■ Instructions for the task
Starting from the first line below, count every line holding the word "where", then state the total alone.

■ Extracted data entries

lemma outer_prod_add_left: "outer_prod (x + z) y = outer_prod x y + outer_prod z y"
  by (simp add: outer_prod_def vec_eq_iff algebra_simps)

lemma outer_prod_add_right: "outer_prod x (y + z) = outer_prod x y + outer_prod x z"
  by (simp add: outer_prod_def vec_eq_iff algebra_simps)

lemma transpose_outer_prod: "transpose (outer_prod x y) = outer_prod y x"
  by (simp add: outer_prod_def transpose_def vec_eq_iff mult.commute)

lemma outer_affine:
  "outer (N *v x + y) = N ** outer x ** transpose N + (N ** outer_prod x y + transpose (N ** outer_prod x y)) + outer y"
proof -
  have "outer_prod (N *v x) (N *v x) = N ** outer x ** transpose N"
    by (metis outer_eq_outer_prod outer_prod_matrix_vector_mult transpose_outer_prod matrix_transpose_mul transpose_transpose)
  moreover have "outer_prod y (N *v x) = transpose (N ** outer_prod x y)"
    by (simp add: transpose_outer_prod flip: outer_prod_matrix_vector_mult)
  ultimately show ?thesis
    by (simp add: outer_eq_outer_prod outer_prod_add_left outer_prod_add_right outer_prod_matrix_vector_mult)
qed

lemma norm_outer_prod: "norm (outer_prod x y) = norm x * norm y"
proof -
  have "outer_prod x y $ i = (x $ i) *\<^sub>R y" for i by (simp add: outer_prod_def vec_eq_iff)
  then have "(norm (outer_prod x y))^2 = (norm x * norm y)^2"
    by (simp add: norm_matrix_sq_rows norm_vec_sq[of x] power_mult_distrib sum_distrib_right)
  then show ?thesis by (simp add: power2_eq_iff_nonneg)
qed

lemma trace_outer: "trace (outer x) = (norm x)^2"
  unfolding norm_vec_sq by (simp add: trace_def outer_def power2_eq_square)

lemma stage_cost_eq_trace:
  "stage_cost Q R1 R2 K1 K2 x = trace ((Q + transpose K1 ** R1 ** K1 - transpose K2 ** R2 ** K2) ** outer x)"
proof -
  have quadratic_form: "x \<bullet> (S *v x) = trace (S ** outer x)" for S :: "real^'n^'n" and x
    by (simp add: trace_def matrix_matrix_mult_def outer_def inner_vec_def matrix_vector_mult_def
        sum_distrib_left mult_ac)
  have adjoint: "(K *v y) \<bullet> z = y \<bullet> (transpose K *v z)" for K :: "real^'n^'m" and y z
    by (metis dot_lmul_matrix inner_commute transpose_matrix_vector)
  have quadratic: "(K *v y) \<bullet> (R *v (K *v y)) = y \<bullet> ((transpose K ** R ** K) *v y)"
    for K :: "real^'n^'m" and R y
    by (simp only: adjoint matrix_vector_mul_assoc matrix_mul_assoc)
  have "stage_cost Q R1 R2 K1 K2 x = x \<bullet> ((Q + transpose K1 ** R1 ** K1 - transpose K2 ** R2 ** K2) *v x)"
    unfolding stage_cost_def quadratic
    by (simp only: matrix_vector_mult_add_rdistrib matrix_vector_mult_diff_rdistrib inner_add_right inner_diff_right)
  then show ?thesis by (simp only: quadratic_form)
qed

lemma borel_measurable_outer_prod [measurable]:
  fixes X :: "'a \<Rightarrow> real^'n" and Y :: "'a \<Rightarrow> real^'m"
  assumes "X \<in> borel_measurable M" "Y \<in> borel_measurable M"
  shows "(\<lambda>\<omega>. outer_prod (X \<omega>) (Y \<omega>)) \<in> borel_measurable M"
  using assms by (rule borel_measurable_continuous_Pair) (simp add: outer_prod_def continuous_intros)

lemma integrable_outer_prod:
  assumes "sq_integrable M X" "sq_integrable M Y"
  shows "integrable M (\<lambda>\<omega>. outer_prod (X \<omega>) (Y \<omega>))"
proof (rule Bochner_Integration.integrable_bound)
  show "integrable M (\<lambda>\<omega>. (norm (X \<omega>))^2 + (norm (Y \<omega>))^2)"
    using assms unfolding sq_integrable_def by auto
  have "norm x * norm y \<le> (norm x)^2 + (norm y)^2" for x :: "real^'n" and y :: "real^'m"
    using sum_squares_bound[of "norm x" "norm y"] mult_nonneg_nonneg[OF norm_ge_zero norm_ge_zero, of x y]
    by linarith
  then show "AE \<omega> in M. norm (outer_prod (X \<omega>) (Y \<omega>)) \<le> norm ((norm (X \<omega>))^2 + (norm (Y \<omega>))^2)"
    by (auto simp: norm_outer_prod)
qed (use assms in \<open>auto simp: sq_integrable_def\<close>)

lemma cross_moment_nth:
  assumes "sq_integrable M X" "sq_integrable M Y"
  shows "cross_moment M X Y $ i $ j = (\<integral>\<omega>. X \<omega> $ i * Y \<omega> $ j \<partial>M)"
  using integral_bounded_linear[OF bounded_linear_compose[OF bounded_linear_vec_nth bounded_linear_vec_nth]
      integrable_outer_prod[OF assms]]
  by (simp add: cross_moment_def outer_prod_def)

lemma second_moment_eq_cross_moment: "second_moment M X = cross_moment M X X"
  by (simp add: second_moment_def cross_moment_def outer_eq_outer_prod)

lemma symmetric_second_moment:
  assumes "sq_integrable M X"
  shows "transpose (second_moment M X) = second_moment M X"
  using integral_bounded_linear[OF bounded_linear_transpose integrable_outer_prod[OF assms assms]]
  by (simp add: second_moment_eq_cross_moment cross_moment_def transpose_outer_prod)

lemma integral_norm_outer:
  fixes X :: "'a \<Rightarrow> real^'n"
  assumes "sq_integrable M X"
  shows "(\<integral>\<omega>. norm (outer (X \<omega>)) \<partial>M) = trace (second_moment M X)"
proof -
  have int: "integrable M (\<lambda>\<omega>. outer (X \<omega>))"
    using assms by (simp add: outer_eq_outer_prod integrable_outer_prod)
  have "norm (outer x) = trace (outer x)" for x :: "real^'n"
    unfolding trace_outer by (simp add: outer_eq_outer_prod norm_outer_prod power2_eq_square)
  then have "(\<integral>\<omega>. norm (outer (X \<omega>)) \<partial>M) = (\<integral>\<omega>. trace (outer (X \<omega>)) \<partial>M)"
    by simp
  also have "\<dots> = trace (second_moment M X)"
    unfolding second_moment_def by (rule integral_bounded_linear[OF bounded_linear_trace int])
  finally show ?thesis .
qed

context prob_space
begin

lemma sq_integrable_integrable:
  assumes "sq_integrable M X"
  shows "integrable M X"
proof -
  have meas: "X \<in> borel_measurable M" using assms by (simp add: sq_integrable_def)
  have "integrable M (\<lambda>\<omega>. norm (X \<omega>))"
  proof (rule square_integrable_imp_integrable)
    show "(\<lambda>\<omega>. norm (X \<omega>)) \<in> borel_measurable M" using meas by simp
    show "integrable M (\<lambda>\<omega>. (norm (X \<omega>))^2)" using assms by (simp add: sq_integrable_def)
  qed
  then show ?thesis using meas by (simp add: integrable_norm_iff)
qed

lemma sq_integrable_const: "sq_integrable M (\<lambda>_. c)"
  by (simp add: sq_integrable_def)

lemma sq_integrable_affine:
  fixes X :: "'a \<Rightarrow> real^'n" and Y :: "'a \<Rightarrow> real^'m" and N :: "real^'n^'m"
  assumes "sq_integrable M X" "sq_integrable M Y"
  shows "sq_integrable M (\<lambda>\<omega>. N *v X \<omega> + Y \<omega>)"
  unfolding sq_integrable_def
proof
  show meas: "(\<lambda>\<omega>. N *v X \<omega> + Y \<omega>) \<in> borel_measurable M"
    using assms unfolding sq_integrable_def
    by (intro borel_measurable_add borel_measurable_continuous_on[where f="(*v) N"]
        linear_continuous_on matrix_vector_mul_bounded_linear) auto
  have bound: "(norm (N *v x + y))^2 \<le> 2 * (opnorm N)^2 * (norm x)^2 + 2 * (norm y)^2" for x y
  proof -
    have "norm (N *v x + y) \<le> opnorm N * norm x + norm y"
      using norm_triangle_ineq[of "N *v x" y] norm_matrix_vector_mult_le[of N x] by simp
    then have "(norm (N *v x + y))^2 \<le> (opnorm N * norm x + norm y)^2"
      by (rule power_mono) simp
    also have "\<dots> \<le> 2 * (opnorm N * norm x)^2 + 2 * (norm y)^2"
      using sum_squares_bound[of "opnorm N * norm x" "norm y"] by (simp add: power2_sum)
    finally show ?thesis by (simp add: power_mult_distrib)
  qed
  show "integrable M (\<lambda>\<omega>. (norm (N *v X \<omega> + Y \<omega>))^2)"
  proof (rule Bochner_Integration.integrable_bound[where f="\<lambda>\<omega>. 2 * (opnorm N)^2 * (norm (X \<omega>))^2 + 2 * (norm (Y \<omega>))^2"])
    show "integrable M (\<lambda>\<omega>. 2 * (opnorm N)^2 * (norm (X \<omega>))^2 + 2 * (norm (Y \<omega>))^2)"
      using assms unfolding sq_integrable_def by simp
  qed (use meas bound in \<open>auto intro!: AE_I2\<close>)
qed

lemma cross_moment_affine:
  fixes X :: "'a \<Rightarrow> real^'n" and Z :: "'a \<Rightarrow> real^'m" and Y :: "'a \<Rightarrow> real^'k" and N :: "real^'n^'m"
  assumes "sq_integrable M X" "sq_integrable M Z" "sq_integrable M Y"
  shows "cross_moment M (\<lambda>\<omega>. N *v X \<omega> + Z \<omega>) Y = N ** cross_moment M X Y + cross_moment M Z Y"
proof -
  note int = integrable_outer_prod[OF assms(1,3)] integrable_outer_prod[OF assms(2,3)]
  note mult = bounded_linear_matrix_mult_left[of N]
  have "cross_moment M (\<lambda>\<omega>. N *v X \<omega> + Z \<omega>) Y
      = (\<integral>\<omega>. N ** outer_prod (X \<omega>) (Y \<omega>) + outer_prod (Z \<omega>) (Y \<omega>) \<partial>M)"
    by (simp add: cross_moment_def outer_prod_add_left outer_prod_matrix_vector_mult)
  also have "\<dots> = N ** cross_moment M X Y + cross_moment M Z Y"
    using integrable_bounded_linear[OF mult int(1)] int(2)
    by (simp add: cross_moment_def integral_bounded_linear[OF mult int(1)])
  finally show ?thesis .
qed

lemma second_moment_affine:
  fixes X :: "'a \<Rightarrow> real^'n" and Y :: "'a \<Rightarrow> real^'m" and N :: "real^'n^'m"
  assumes "sq_integrable M X" "sq_integrable M Y" "cross_moment M X Y = 0"
  shows "second_moment M (\<lambda>\<omega>. N *v X \<omega> + Y \<omega>) = N ** second_moment M X ** transpose N + second_moment M Y"
proof -
  have int: "integrable M (\<lambda>\<omega>. outer (X \<omega>))" "integrable M (\<lambda>\<omega>. outer (Y \<omega>))"
    and int_cross: "integrable M (\<lambda>\<omega>. outer_prod (X \<omega>) (Y \<omega>))"
    using assms by (simp_all add: outer_eq_outer_prod integrable_outer_prod)
  note sandwich = bounded_linear_matrix_sandwich[of N "transpose N"]
    and mult = bounded_linear_matrix_mult_left[of N]
  note mult_transpose = bounded_linear_compose[OF bounded_linear_transpose mult]
  have cross: "(\<integral>\<omega>. N ** outer_prod (X \<omega>) (Y \<omega>) + transpose (N ** outer_prod (X \<omega>) (Y \<omega>)) \<partial>M) = 0"
    using integrable_bounded_linear[OF mult int_cross] integrable_bounded_linear[OF mult_transpose int_cross]
      assms(3)
    by (simp add: integral_bounded_linear[OF mult int_cross] integral_bounded_linear[OF mult_transpose int_cross]
        cross_moment_def)
  have "second_moment M (\<lambda>\<omega>. N *v X \<omega> + Y \<omega>)
      = (\<integral>\<omega>. N ** outer (X \<omega>) ** transpose N \<partial>M)
        + (\<integral>\<omega>. N ** outer_prod (X \<omega>) (Y \<omega>) + transpose (N ** outer_prod (X \<omega>) (Y \<omega>)) \<partial>M)
        + second_moment M Y"
    unfolding second_moment_def outer_affine
    using integrable_bounded_linear[OF sandwich int(1)] integrable_bounded_linear[OF mult int_cross]
      integrable_bounded_linear[OF mult_transpose int_cross] int(2)
    by simp
  then show ?thesis
    by (simp add: cross second_moment_def integral_bounded_linear[OF sandwich int(1)])
qed

lemma cross_moment_indep:
  assumes "indep_var borel X borel Y" "sq_integrable M X" "sq_integrable M Y" "(\<integral>\<omega>. Y \<omega> \<partial>M) = 0"
  shows "cross_moment M X Y = 0"
proof -
  have "cross_moment M X Y $ i $ j = 0" for i j
  proof -
    have "indep_var borel ((\<lambda>v. v $ i) \<circ> X) borel ((\<lambda>v. v $ j) \<circ> Y)"
      by (rule indep_var_compose[OF assms(1)]) simp_all
    then have "(\<integral>\<omega>. X \<omega> $ i * Y \<omega> $ j \<partial>M) = (\<integral>\<omega>. X \<omega> $ i \<partial>M) * (\<integral>\<omega>. Y \<omega> $ j \<partial>M)"
      using assms(2,3) by (intro indep_var_lebesgue_integral[unfolded comp_def])
        (auto simp: comp_def intro!: integrable_bounded_linear[OF bounded_linear_vec_nth] sq_integrable_integrable)
    also have "(\<integral>\<omega>. Y \<omega> $ j \<partial>M) = 0"
      using integral_bounded_linear[OF bounded_linear_vec_nth sq_integrable_integrable[OF assms(3)]] assms(4)
      by simp
    finally show ?thesis by (simp add: cross_moment_nth assms)
  qed
  then show ?thesis by (simp add: vec_eq_iff)
qed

■ Answer to this exercise
2